Repeat precisely the span of lines below that opens with the line containing "fix a a' assume" and closes with the line containing "using sum_codegree_le[OF B]", both included.

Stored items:
*** Begin section ***

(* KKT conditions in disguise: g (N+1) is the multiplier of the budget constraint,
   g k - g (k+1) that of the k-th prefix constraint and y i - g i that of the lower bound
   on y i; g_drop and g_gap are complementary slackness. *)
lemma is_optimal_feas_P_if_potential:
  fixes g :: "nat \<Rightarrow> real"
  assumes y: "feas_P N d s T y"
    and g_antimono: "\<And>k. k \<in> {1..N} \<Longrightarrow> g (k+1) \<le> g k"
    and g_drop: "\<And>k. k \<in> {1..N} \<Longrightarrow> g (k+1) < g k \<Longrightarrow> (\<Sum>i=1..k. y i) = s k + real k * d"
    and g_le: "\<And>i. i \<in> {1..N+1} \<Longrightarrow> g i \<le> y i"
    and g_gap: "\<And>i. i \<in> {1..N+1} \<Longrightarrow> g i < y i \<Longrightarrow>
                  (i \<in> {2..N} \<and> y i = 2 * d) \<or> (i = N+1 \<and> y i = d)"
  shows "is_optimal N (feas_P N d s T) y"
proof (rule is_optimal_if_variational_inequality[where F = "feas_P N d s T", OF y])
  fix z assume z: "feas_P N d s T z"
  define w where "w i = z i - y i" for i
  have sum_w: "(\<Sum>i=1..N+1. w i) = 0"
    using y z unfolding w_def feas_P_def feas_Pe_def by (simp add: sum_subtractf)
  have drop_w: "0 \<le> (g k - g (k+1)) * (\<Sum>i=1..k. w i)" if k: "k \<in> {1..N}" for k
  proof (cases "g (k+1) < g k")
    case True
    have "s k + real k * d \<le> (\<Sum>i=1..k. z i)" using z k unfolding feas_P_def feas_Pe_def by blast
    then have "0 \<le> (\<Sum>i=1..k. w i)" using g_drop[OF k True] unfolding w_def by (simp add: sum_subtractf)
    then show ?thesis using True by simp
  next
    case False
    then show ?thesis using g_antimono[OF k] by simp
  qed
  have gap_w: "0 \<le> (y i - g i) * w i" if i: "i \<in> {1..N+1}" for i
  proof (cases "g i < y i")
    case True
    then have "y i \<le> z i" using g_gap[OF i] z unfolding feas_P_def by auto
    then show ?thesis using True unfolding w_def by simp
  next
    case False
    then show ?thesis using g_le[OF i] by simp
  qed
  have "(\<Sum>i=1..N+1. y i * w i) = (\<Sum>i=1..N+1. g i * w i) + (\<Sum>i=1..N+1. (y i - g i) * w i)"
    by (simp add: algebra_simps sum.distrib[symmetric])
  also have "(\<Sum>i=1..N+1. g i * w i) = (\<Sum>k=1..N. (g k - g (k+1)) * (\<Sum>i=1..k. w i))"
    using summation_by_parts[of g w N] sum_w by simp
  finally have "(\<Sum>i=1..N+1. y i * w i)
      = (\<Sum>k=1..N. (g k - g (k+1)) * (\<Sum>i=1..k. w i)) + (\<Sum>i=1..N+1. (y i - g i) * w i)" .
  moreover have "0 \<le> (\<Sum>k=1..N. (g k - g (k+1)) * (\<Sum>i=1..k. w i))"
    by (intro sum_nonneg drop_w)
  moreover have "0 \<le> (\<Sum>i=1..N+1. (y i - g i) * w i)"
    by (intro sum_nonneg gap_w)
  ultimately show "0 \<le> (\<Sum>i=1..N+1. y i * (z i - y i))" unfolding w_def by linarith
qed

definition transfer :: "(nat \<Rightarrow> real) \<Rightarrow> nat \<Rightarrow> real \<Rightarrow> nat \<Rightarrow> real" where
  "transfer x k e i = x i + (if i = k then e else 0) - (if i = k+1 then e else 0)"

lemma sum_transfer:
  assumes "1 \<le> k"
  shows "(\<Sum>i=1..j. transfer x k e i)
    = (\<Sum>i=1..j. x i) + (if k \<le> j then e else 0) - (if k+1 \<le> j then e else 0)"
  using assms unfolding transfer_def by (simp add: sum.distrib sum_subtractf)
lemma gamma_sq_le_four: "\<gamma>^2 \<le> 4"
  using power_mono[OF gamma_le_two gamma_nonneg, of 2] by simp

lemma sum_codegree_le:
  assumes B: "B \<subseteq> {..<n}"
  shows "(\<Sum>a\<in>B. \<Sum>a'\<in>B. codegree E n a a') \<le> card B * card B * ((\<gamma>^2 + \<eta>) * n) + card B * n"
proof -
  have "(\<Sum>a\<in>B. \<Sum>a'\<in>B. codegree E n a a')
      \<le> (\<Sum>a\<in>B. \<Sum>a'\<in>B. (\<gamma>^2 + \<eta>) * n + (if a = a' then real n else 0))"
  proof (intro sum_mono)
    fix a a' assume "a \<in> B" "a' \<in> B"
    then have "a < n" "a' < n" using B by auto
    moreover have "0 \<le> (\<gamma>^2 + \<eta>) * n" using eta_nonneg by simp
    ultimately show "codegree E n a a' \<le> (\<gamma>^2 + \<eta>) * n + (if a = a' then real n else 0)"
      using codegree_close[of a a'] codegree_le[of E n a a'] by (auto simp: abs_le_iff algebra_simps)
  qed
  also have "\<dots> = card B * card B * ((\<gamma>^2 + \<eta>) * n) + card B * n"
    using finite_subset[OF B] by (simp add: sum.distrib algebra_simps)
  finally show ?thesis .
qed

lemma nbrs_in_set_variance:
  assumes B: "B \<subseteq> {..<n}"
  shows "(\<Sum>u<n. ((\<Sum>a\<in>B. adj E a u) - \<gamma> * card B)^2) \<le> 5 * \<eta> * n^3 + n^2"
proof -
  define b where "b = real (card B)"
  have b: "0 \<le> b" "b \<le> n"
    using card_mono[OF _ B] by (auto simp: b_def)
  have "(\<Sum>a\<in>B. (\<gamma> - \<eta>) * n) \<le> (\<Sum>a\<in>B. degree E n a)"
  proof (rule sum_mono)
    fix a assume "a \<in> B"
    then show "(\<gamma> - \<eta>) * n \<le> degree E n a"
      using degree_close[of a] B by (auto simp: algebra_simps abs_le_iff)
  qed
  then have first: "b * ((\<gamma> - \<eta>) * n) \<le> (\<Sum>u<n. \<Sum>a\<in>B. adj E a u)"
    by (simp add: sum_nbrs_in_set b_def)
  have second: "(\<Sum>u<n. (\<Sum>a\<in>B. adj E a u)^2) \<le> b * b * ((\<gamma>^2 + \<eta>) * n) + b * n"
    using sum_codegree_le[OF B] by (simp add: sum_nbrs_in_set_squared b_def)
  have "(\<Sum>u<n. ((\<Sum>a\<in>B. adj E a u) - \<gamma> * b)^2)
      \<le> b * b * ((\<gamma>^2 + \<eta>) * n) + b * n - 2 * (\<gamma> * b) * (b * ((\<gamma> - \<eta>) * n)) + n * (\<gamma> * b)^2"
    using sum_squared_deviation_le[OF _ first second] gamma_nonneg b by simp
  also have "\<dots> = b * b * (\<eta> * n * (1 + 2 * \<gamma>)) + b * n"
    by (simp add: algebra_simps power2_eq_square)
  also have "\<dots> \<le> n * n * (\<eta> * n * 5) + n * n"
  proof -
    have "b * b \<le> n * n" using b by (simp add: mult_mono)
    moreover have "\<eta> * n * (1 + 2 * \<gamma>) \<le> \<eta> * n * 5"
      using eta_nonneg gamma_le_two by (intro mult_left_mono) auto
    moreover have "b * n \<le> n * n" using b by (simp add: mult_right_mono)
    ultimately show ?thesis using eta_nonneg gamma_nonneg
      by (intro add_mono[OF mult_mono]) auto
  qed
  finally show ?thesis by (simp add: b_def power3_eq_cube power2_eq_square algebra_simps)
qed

*** End section ***

TASK SOLUTION –
    fix a a' assume "a \<in> B" "a' \<in> B"
    then have "a < n" "a' < n" using B by auto
    moreover have "0 \<le> (\<gamma>^2 + \<eta>) * n" using eta_nonneg by simp
    ultimately show "codegree E n a a' \<le> (\<gamma>^2 + \<eta>) * n + (if a = a' then real n else 0)"
      using codegree_close[of a a'] codegree_le[of E n a a'] by (auto simp: abs_le_iff algebra_simps)
  qed
  also have "\<dots> = card B * card B * ((\<gamma>^2 + \<eta>) * n) + card B * n"
    using finite_subset[OF B] by (simp add: sum.distrib algebra_simps)
  finally show ?thesis .
qed

lemma nbrs_in_set_variance:
  assumes B: "B \<subseteq> {..<n}"
  shows "(\<Sum>u<n. ((\<Sum>a\<in>B. adj E a u) - \<gamma> * card B)^2) \<le> 5 * \<eta> * n^3 + n^2"
proof -
  define b where "b = real (card B)"
  have b: "0 \<le> b" "b \<le> n"
    using card_mono[OF _ B] by (auto simp: b_def)
  have "(\<Sum>a\<in>B. (\<gamma> - \<eta>) * n) \<le> (\<Sum>a\<in>B. degree E n a)"
  proof (rule sum_mono)
    fix a assume "a \<in> B"
    then show "(\<gamma> - \<eta>) * n \<le> degree E n a"
      using degree_close[of a] B by (auto simp: algebra_simps abs_le_iff)
  qed
  then have first: "b * ((\<gamma> - \<eta>) * n) \<le> (\<Sum>u<n. \<Sum>a\<in>B. adj E a u)"
    by (simp add: sum_nbrs_in_set b_def)
  have second: "(\<Sum>u<n. (\<Sum>a\<in>B. adj E a u)^2) \<le> b * b * ((\<gamma>^2 + \<eta>) * n) + b * n"
    using sum_codegree_le[OF B] by (simp add: sum_nbrs_in_set_squared b_def)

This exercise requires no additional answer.